If you’re just learning the ins and outs of your business responsibilities, and you’re a few months behind on your books, that’s okay. You can start fixing your accounting mess right now, today! It will take hard work, but soon you’ll get in the habit of updating your books regularly, saving you time in the long-run.
Set aside a little time every week (or at least every month) to mind your books. A few minutes every Friday is a lot better than a few hours—or even days—come April.
Besides, the longer you wait to categorize transactions, the less likely it is that you’ll actually remember what those transactions were for. Then you’ll have to dig through old records and receipts, wasting even more precious time that could be invested in the business tasks you love.
Just grit your teeth and start fixing your books. Your business will thank you.
Interpret your report
I started by saying I wouldn’t bore you with the jargon, but there are a few basic accounting terms that will be useful for you to know.
The accounting equation, which I mentioned above (assets=liabilities+owner’s equity), is represented on your “Balance Sheet.” What matters most on this report is that the accounting equation is, well, balanced. The total of your assets needs to equal the total of your liabilities and equity combined. If these numbers are not identical, you will have inaccurate books and file a faulty tax return.
Profits and losses are accounting terms that business owners tend to be pretty familiar with. Your “Income Report” shows your total sales and expenses over a period of time, resulting in your gross profit. Your net income, or “bottom line,” is what you pay taxes on. It’s the heart and soul of your business.
It’s also important for freelancers to understand that profit does not necessarily equal cash on hand. Your “Cash Flow Statement” combines data from the Income Report and Balance Sheet in order to give you a summary of your cash position.
These three reports are of the greatest value to freelancers. And the beauty is, if you’ve kept accurate books, most accounting products will produce the reports for you. You don’t have to do any complicated math to view your financial standing. You just have to categorize transactions; let your software do the heavy lifting.
Freelancers business basics #5: marketing
I have to admit that marketing is the aspect of self employment that I dread the most. I’m not a natural salesperson and nor are many of the freelancers I know. But without it, you won’t get work.
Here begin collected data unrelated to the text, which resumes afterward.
(* R is a type 'r :: comm_ring_1; the commutative R-algebra A is a type 'a :: comm_ring_1
   together with its structure map iota : R -> A (a unital ring homomorphism).
   R acts on A-modules through iota. *)

definition R_algebra_map :: "('r::comm_ring_1 \<Rightarrow> 'a::comm_ring_1) \<Rightarrow> bool" where
  "R_algebra_map \<iota> \<longleftrightarrow> \<iota> 1 = 1 \<and> (\<forall>r s. \<iota> (r + s) = \<iota> r + \<iota> s) \<and> (\<forall>r s. \<iota> (r * s) = \<iota> r * \<iota> s)"

definition A_module :: "'l::ab_group_add set \<Rightarrow> ('a::comm_ring_1 \<Rightarrow> 'l \<Rightarrow> 'l) \<Rightarrow> bool" where
  "A_module C sm \<longleftrightarrow>
     0 \<in> C \<and> (\<forall>x\<in>C. \<forall>y\<in>C. x + y \<in> C) \<and> (\<forall>x\<in>C. - x \<in> C) \<and> (\<forall>a. \<forall>x\<in>C. sm a x \<in> C)
   \<and> (\<forall>a. \<forall>x\<in>C. \<forall>y\<in>C. sm a (x + y) = sm a x + sm a y)
   \<and> (\<forall>a b. \<forall>x\<in>C. sm (a + b) x = sm a x + sm b x)
   \<and> (\<forall>a b. \<forall>x\<in>C. sm (a * b) x = sm a (sm b x))
   \<and> (\<forall>x\<in>C. sm 1 x = x)"

definition R_derivation :: "('r::comm_ring_1 \<Rightarrow> 'a::comm_ring_1) \<Rightarrow> ('a \<Rightarrow> 'a) \<Rightarrow> bool" where
  "R_derivation \<iota> \<delta> \<longleftrightarrow> (\<forall>a b. \<delta> (a + b) = \<delta> a + \<delta> b) \<and> (\<forall>r a. \<delta> (\<iota> r * a) = \<iota> r * \<delta> a)
     \<and> (\<forall>a b. \<delta> (a * b) = a * \<delta> b + b * \<delta> a)"

definition is_LR :: "('r::comm_ring_1 \<Rightarrow> 'a::comm_ring_1) \<Rightarrow> 'l::ab_group_add set
    \<Rightarrow> ('a \<Rightarrow> 'l \<Rightarrow> 'l) \<Rightarrow> ('l \<Rightarrow> 'l \<Rightarrow> 'l) \<Rightarrow> ('l \<Rightarrow> 'a \<Rightarrow> 'a) \<Rightarrow> bool" where
  "is_LR \<iota> C sm br anc \<longleftrightarrow>
     A_module C sm
   \<and> (\<forall>x\<in>C. \<forall>y\<in>C. br x y \<in> C)
   \<and> (\<forall>x\<in>C. \<forall>y\<in>C. \<forall>z\<in>C. br (x + y) z = br x z + br y z \<and> br x (y + z) = br x y + br x z)
   \<and> (\<forall>r. \<forall>x\<in>C. \<forall>y\<in>C. br (sm (\<iota> r) x) y = sm (\<iota> r) (br x y) \<and> br x (sm (\<iota> r) y) = sm (\<iota> r) (br x y))
   \<and> (\<forall>x\<in>C. br x x = 0)
   \<and> (\<forall>x\<in>C. \<forall>y\<in>C. \<forall>z\<in>C. br x (br y z) + br y (br z x) + br z (br x y) = 0)
   \<and> (\<forall>x\<in>C. R_derivation \<iota> (anc x))
   \<and> (\<forall>x\<in>C. \<forall>y\<in>C. \<forall>a. anc (x + y) a = anc x a + anc y a)
   \<and> (\<forall>r. \<forall>x\<in>C. \<forall>a. anc (sm (\<iota> r) x) a = \<iota> r * anc x a)
   \<and> (\<forall>x\<in>C. \<forall>y\<in>C. \<forall>a. anc (br x y) a = anc x (anc y a) - anc y (anc x a))
   \<and> (\<forall>a b. \<forall>x\<in>C. anc (sm a x) b = a * anc x b)
   \<and> (\<forall>a. \<forall>x\<in>C. \<forall>y\<in>C. br x (sm a y) = sm (anc x a) y + sm a (br x y))"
Marketing for a freelancer isn’t about advertising campaigns or email lists. It’s much more subtle than that. Marketing activities include:
Leverage social media
Social media sites where potential clients hang out are a goldmine. I’ve found clients on Slack, in Facebook groups, and by participating in relevant Twitter chats. In addition to creating content to share on social media, find people you can help by searching for “looking for freelance X (with “X” being whatever it is you do: ie photographer, designer etc.).”
Attend networking events
Attending networking events and meeting potential clients or collaborators. Use meetup.comto identify groups in your area, go to conferences and hackdays. Use all of these as an opportunity to make contacts and talk about what you can do.
Join forums & communities related to your niche
If you want to be visible where your audience is, join communities related to your niche. Don’t promote your services right away, instead engage with the community and provide value. After a while you’ll become known as an expert and you can start marketing your services.
Reach out to your friends, family, and former coworkers. Let them know that you’re a freelancer and ask if they (or anyone they know) could use your services. You can contact them directly, on social media, or even using email.
Ideally, you’ll use a mix of tactics to make sure potential clients know that you’re available to help them with your freelance services.